Some far more interested stuff that has happened to us. First of all, on our first day, we couldn't meet Andrei (he had already left for work) so we scooted over to the Kyrgyz Embassy to get our visas done. Well, we met a new friend, Eva from Argentina, who was also trying to do her visa. We ended up hanging out for a little while before finally getting in only to realize that we needed to prepay and get photocopies of our passports to succeed - come back at 3 we were told. So we went off, did our business only to come back at 3 and find out that we had paid 62 instead of 65 dollars!!!! Long story short, we ended up paying 'the difference' and we should get our visas on time!!! Cool!! First bribe paid!!


Other than that, we're in Shymkent right now after a heck of an adventurous ride.... Since the Kyrgyz embassy has our pasports, we can't take trains - Hello 12 hour bus ride across the steppe!!!! Not fun. Especially since we had an incident with our tickets. My travelling companion decided to throw out all of our useless reciepts - groceries, clothes, stuff like that. Long story short, our ticket (which, in Kirk's defence DOES look a fair bit like a receipt) went out with the garbage. It took a lot of very polite Russian but true Kazakh hospitality, BAM - we were on that bus with no tickets and no passports!!!! Wicked!!!

We're now in Shymkent, which is a great little city 12 hours west of Almaty - it is REALLY hot here. But, we've bought new hats (and pants, and a new shirt for me) and are ready to deal with the heat. Check these pics out!!




One is Eva with our new workmen friends, another is 'letting the crazy out,' finally we've got our new clothes and our very generous Shymkent hosts - Burt and Gin!!

Sunday, June 27, 2010

We're off tomorrow

Hey everyone,

So Kirk and I are off tomorrow!! We're pretty excited!

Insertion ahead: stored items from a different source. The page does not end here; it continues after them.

(* Let $(M,d)$ be a complete pointed metric space and let $\mu$ be a positive Radon measure on $\beta\widetilde{M}$. The following are equivalent: (i) $\mu$ is $\preccurlyeq$-minimal; (ii) for every $f\in C(\beta\widetilde{M})$ that is constant on every fibre of $q$, $\int f\,d\mu=\inf\{\int g\,d\mu: g\in G,\ f\le g\}$; (iii) for every upper semicontinuous $f:\beta\widetilde{M}\to\mathbb{R}$ that is constant on every fibre of $q$, $\int_{\beta\widetilde{M}} f\,d\mu=\inf\{\int g\,d\mu: g\in G,\ f\le g\}$; (iv) for every Borel set $A\subset\widetilde{M}^G$ such that $\mu$ is concentrated on $q^{-1}(A)$ and every upper semicontinuous $f:\beta\widetilde{M}\to\mathbb{R}$ that is constant on every fibre of $q$ included in $q^{-1}(A)$, $\int_{\beta\widetilde{M}} f\,d\mu=\inf\{\int g\,d\mu: g\in G,\ f\le g\}$.
   Context: $\widetilde{M}=\{(x,y)\in M\times M:x\ne y\}$, $\beta\widetilde{M}$ is its Stone–Čech compactification, and Radon measures on $\beta\widetilde{M}$ are identified with $C(\beta\widetilde{M})^*$; for $x\ne y$ in $M$, $d(x,y)$ is the metric and $g(x,y)$ denotes the value of $g\in C(\beta\widetilde{M})$ at $(x,y)\in\widetilde{M}\subset\beta\widetilde{M}$. $G$ is the set of $g\in C(\beta\widetilde{M})$ such that $d(x,y)g(x,y)\le d(x,u)g(x,u)+d(u,y)g(u,y)$ for all distinct $x,u,y\in M$. For positive Radon measures $\mu,\nu$, $\mu\preccurlyeq\nu$ iff $\int g\,d\mu\le\int g\,d\nu$ for all $g\in G$; $\mu$ is $\preccurlyeq$-minimal if every positive $\nu$ with $\nu\preccurlyeq\mu$ satisfies $\mu\preccurlyeq\nu$. Define the equivalence relation $\zeta\sim\omega$ on $\beta\widetilde{M}$ by $g(\zeta)=g(\omega)$ for all $g\in G$; $\widetilde{M}^G=\beta\widetilde{M}/\!\sim$ with the quotient topology (a compact Hausdorff space) and $q:\beta\widetilde{M}\to\widetilde{M}^G$ the quotient map. Throughout, $M$ has at least three distinct points. *)

theory Defs
  imports "HOL-Analysis.Analysis"
begin

definition Mtilde :: "'a::metric_space set \<Rightarrow> ('a \<times> 'a) set" where
  "Mtilde M = {(x, y). x \<in> M \<and> y \<in> M \<and> x \<noteq> y}"

definition stone_cech :: "'x topology \<Rightarrow> 'b topology \<Rightarrow> ('x \<Rightarrow> 'b) \<Rightarrow> bool" where
  "stone_cech X T e \<longleftrightarrow>
     compact_space T \<and> Hausdorff_space T \<and> embedding_map X T e \<and>
     T closure_of (e ` topspace X) = topspace T \<and>
     (\<forall>f. continuous_map X euclideanreal f \<and> (\<exists>B. \<forall>x\<in>topspace X. \<bar>f x\<bar> \<le> B) \<longrightarrow>
          (\<exists>h. continuous_map T euclideanreal h \<and> (\<forall>x\<in>topspace X. h (e x) = f x)))"

definition Cfun :: "'b topology \<Rightarrow> ('b \<Rightarrow> real) set" where
  "Cfun T = {g. continuous_map T euclideanreal g}"

definition Gset :: "'a::metric_space set \<Rightarrow> 'b topology \<Rightarrow> ('a \<times> 'a \<Rightarrow> 'b) \<Rightarrow> ('b \<Rightarrow> real) set" where
  "Gset M T e = {g \<in> Cfun T. \<forall>x\<in>M. \<forall>u\<in>M. \<forall>y\<in>M. x \<noteq> u \<and> u \<noteq> y \<and> x \<noteq> y \<longrightarrow>
      dist x y * g (e (x, y)) \<le> dist x u * g (e (x, u)) + dist u y * g (e (u, y))}"

definition borel_sets_of :: "'b topology \<Rightarrow> 'b set set" where
  "borel_sets_of T = sigma_sets (topspace T) {U. openin T U}"

text \<open>Positive Radon measures on a compact Hausdorff space T: finite Borel measures,
  inner regular by compact sets (for finite measures this implies outer regularity).\<close>
definition radon_measure :: "'b topology \<Rightarrow> 'b measure \<Rightarrow> bool" where
  "radon_measure T \<mu> \<longleftrightarrow>
     space \<mu> = topspace T \<and> sets \<mu> = borel_sets_of T \<and> finite_measure \<mu> \<and>
     (\<forall>A\<in>sets \<mu>. emeasure \<mu> A = (SUP K\<in>{K. compactin T K \<and> K \<subseteq> A}. emeasure \<mu> K))"

definition meas_le :: "'a::metric_space set \<Rightarrow> 'b topology \<Rightarrow> ('a \<times> 'a \<Rightarrow> 'b) \<Rightarrow> 'b measure \<Rightarrow> 'b measure \<Rightarrow> bool" where
  "meas_le M T e \<mu> \<nu> \<longleftrightarrow> (\<forall>g\<in>Gset M T e. integral\<^sup>L \<mu> g \<le> integral\<^sup>L \<nu> g)"

definition meas_minimal :: "'a::metric_space set \<Rightarrow> 'b topology \<Rightarrow> ('a \<times> 'a \<Rightarrow> 'b) \<Rightarrow> 'b measure \<Rightarrow> bool" where
  "meas_minimal M T e \<mu> \<longleftrightarrow>
     (\<forall>\<nu>. radon_measure T \<nu> \<and> meas_le M T e \<nu> \<mu> \<longrightarrow> meas_le M T e \<mu> \<nu>)"

definition Gequiv :: "'a::metric_space set \<Rightarrow> 'b topology \<Rightarrow> ('a \<times> 'a \<Rightarrow> 'b) \<Rightarrow> 'b \<Rightarrow> 'b \<Rightarrow> bool" where
  "Gequiv M T e \<zeta> \<omega> \<longleftrightarrow> (\<forall>g\<in>Gset M T e. g \<zeta> = g \<omega>)"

Just like last year, I'm going to try to keep a fairly current blog, Kirk will probably write a little bit too, we'll see. But both of us are really looking forward to taking off.

We're pretty excited, although tomorrow will be a long day, we fly out of Moscow (which will be a little emotional for me) and into Kiev, sit around for like 8 hours and then leave for Almaty. It'll be a good time!!!

Be sure to leave your comments (I assume that you can do that!!) and thanks a lot to Britt-Mari for reminding me to get going with this!!

Alex

PS - To our respective mothers (and many second mothers) - we will be very careful and if anything bad happens, well, we'll try to come out as leaders of a small, oil-rich country.